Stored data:
text \<open>Right-continuity makes the infimum of the minimisers a minimiser itself, so the
  \<open>LEAST\<close> in the definition of the estimator is not a junk value.\<close>

lemma Least_minimiser_Icc:
  fixes \<phi> :: "real \<Rightarrow> 'b::linorder"
  assumes fin: "finite (\<phi> ` {a..b})" and "a \<le> b"
    and const_right: "\<And>s. \<forall>\<^sub>F y in at_right s. \<phi> y = \<phi> s"
  defines "P \<equiv> \<lambda>x. x \<in> {a..b} \<and> (\<forall>y\<in>{a..b}. \<phi> x \<le> \<phi> y)"
  shows "P (Least P)"
proof -
  define m where "m = Min (\<phi> ` {a..b})"
  have m_le: "m \<le> \<phi> y" if "y \<in> {a..b}" for y
    using fin that unfolding m_def by auto
  obtain x1 where x1: "x1 \<in> {a..b}" "\<phi> x1 = m"
    using Min_in[OF fin] \<open>a \<le> b\<close> unfolding m_def by fastforce
  define S where "S = {x \<in> {a..b}. \<phi> x = m}"
  have S: "x1 \<in> S" "bdd_below S"
    using x1 unfolding S_def by (auto intro: bdd_belowI[of _ a])
  define s where "s = Inf S"
  have "a \<le> s" "s \<le> b"
    using S x1 unfolding s_def S_def by (auto intro!: cInf_greatest cInf_lower2[of x1])
  have "\<phi> s = m"
  proof (rule ccontr)
    assume "\<phi> s \<noteq> m"
    obtain d where "s < d" and d: "\<And>y. s < y \<Longrightarrow> y < d \<Longrightarrow> \<phi> y = \<phi> s"
      using const_right[of s] unfolding eventually_at_right_field by blast
    then obtain y where "y \<in> S" "y < d"
      using cInf_less_iff[of S d] S unfolding s_def by blast
    moreover have "s \<le> y"
      using \<open>y \<in> S\<close> S(2) unfolding s_def by (rule cInf_lower)
    ultimately show False
      using d[of y] \<open>\<phi> s \<noteq> m\<close> unfolding S_def by force
  qed
  then have "P s"
    using \<open>a \<le> s\<close> \<open>s \<le> b\<close> m_le unfolding P_def by auto
  moreover have "s \<le> y" if "P y" for y
  proof -
    have "y \<in> S"
      using that x1 m_le[of y] unfolding P_def S_def by force
    then show ?thesis
      using S(2) unfolding s_def by (rule cInf_lower)
  qed
  ultimately show ?thesis
    by (rule LeastI2_order)
qed

lemma xhat_star_minimises:
  fixes S T :: "nat \<Rightarrow> 'a \<Rightarrow> real"
  assumes "emp_quantile S n \<omega> pl \<le> emp_quantile S n \<omega> ph"
  defines "I \<equiv> {emp_quantile S n \<omega> pl..emp_quantile S n \<omega> ph}"
    and "\<Psi> \<equiv> \<lambda>x. emp_cdf T n \<omega> x - emp_cdf S n \<omega> x"
  shows "xhat_star S T pl ph n \<omega> \<in> I"
    and "\<And>x. x \<in> I \<Longrightarrow> \<bar>\<Psi> (xhat_star S T pl ph n \<omega>)\<bar> \<le> \<bar>\<Psi> x\<bar>"
proof -
  let ?R = "(\<lambda>(u, v). \<bar>v - u\<bar>) ` (range (emp_cdf S n \<omega>) \<times> range (emp_cdf T n \<omega>))"
  have "(\<lambda>x. \<bar>\<Psi> x\<bar>) ` I \<subseteq> ?R"
  proof
    fix y assume "y \<in> (\<lambda>x. \<bar>\<Psi> x\<bar>) ` I"
    then obtain x where "y = \<bar>\<Psi> x\<bar>" by blast
    then show "y \<in> ?R"
      unfolding \<Psi>_def by (intro rev_image_eqI[of "(emp_cdf S n \<omega> x, emp_cdf T n \<omega> x)"]) auto
  qed
  moreover have "finite ?R"
    by (intro finite_imageI finite_cartesian_product finite_range_emp_cdf)
  ultimately have "finite ((\<lambda>x. \<bar>\<Psi> x\<bar>) ` I)"
    by (rule finite_subset)
  moreover have "\<forall>\<^sub>F y in at_right s. \<bar>\<Psi> y\<bar> = \<bar>\<Psi> s\<bar>" for s
    using eventually_conj[OF eventually_emp_cdf_at_right[of S n \<omega> s] eventually_emp_cdf_at_right[of T n \<omega> s]]
    unfolding \<Psi>_def by (rule eventually_mono) simp
  ultimately have "(LEAST x. x \<in> I \<and> (\<forall>y\<in>I. \<bar>\<Psi> x\<bar> \<le> \<bar>\<Psi> y\<bar>)) \<in> I \<and>
      (\<forall>y\<in>I. \<bar>\<Psi> (LEAST x. x \<in> I \<and> (\<forall>y\<in>I. \<bar>\<Psi> x\<bar> \<le> \<bar>\<Psi> y\<bar>))\<bar> \<le> \<bar>\<Psi> y\<bar>)"
    unfolding I_def by (rule Least_minimiser_Icc[OF _ assms(1)])
  moreover have "xhat_star S T pl ph n \<omega> = (LEAST x. x \<in> I \<and> (\<forall>y\<in>I. \<bar>\<Psi> x\<bar> \<le> \<bar>\<Psi> y\<bar>))"
    unfolding xhat_star_def Let_def I_def \<Psi>_def ..
  ultimately show "xhat_star S T pl ph n \<omega> \<in> I"
    and "\<And>x. x \<in> I \<Longrightarrow> \<bar>\<Psi> (xhat_star S T pl ph n \<omega>)\<bar> \<le> \<bar>\<Psi> x\<bar>"
    by auto
qed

EXERCISE DESCRIPTION:
Only a number is expected here: the tally of lines above that contain "fixes". Please write nothing more.

EXERCISE RESPONSE:
2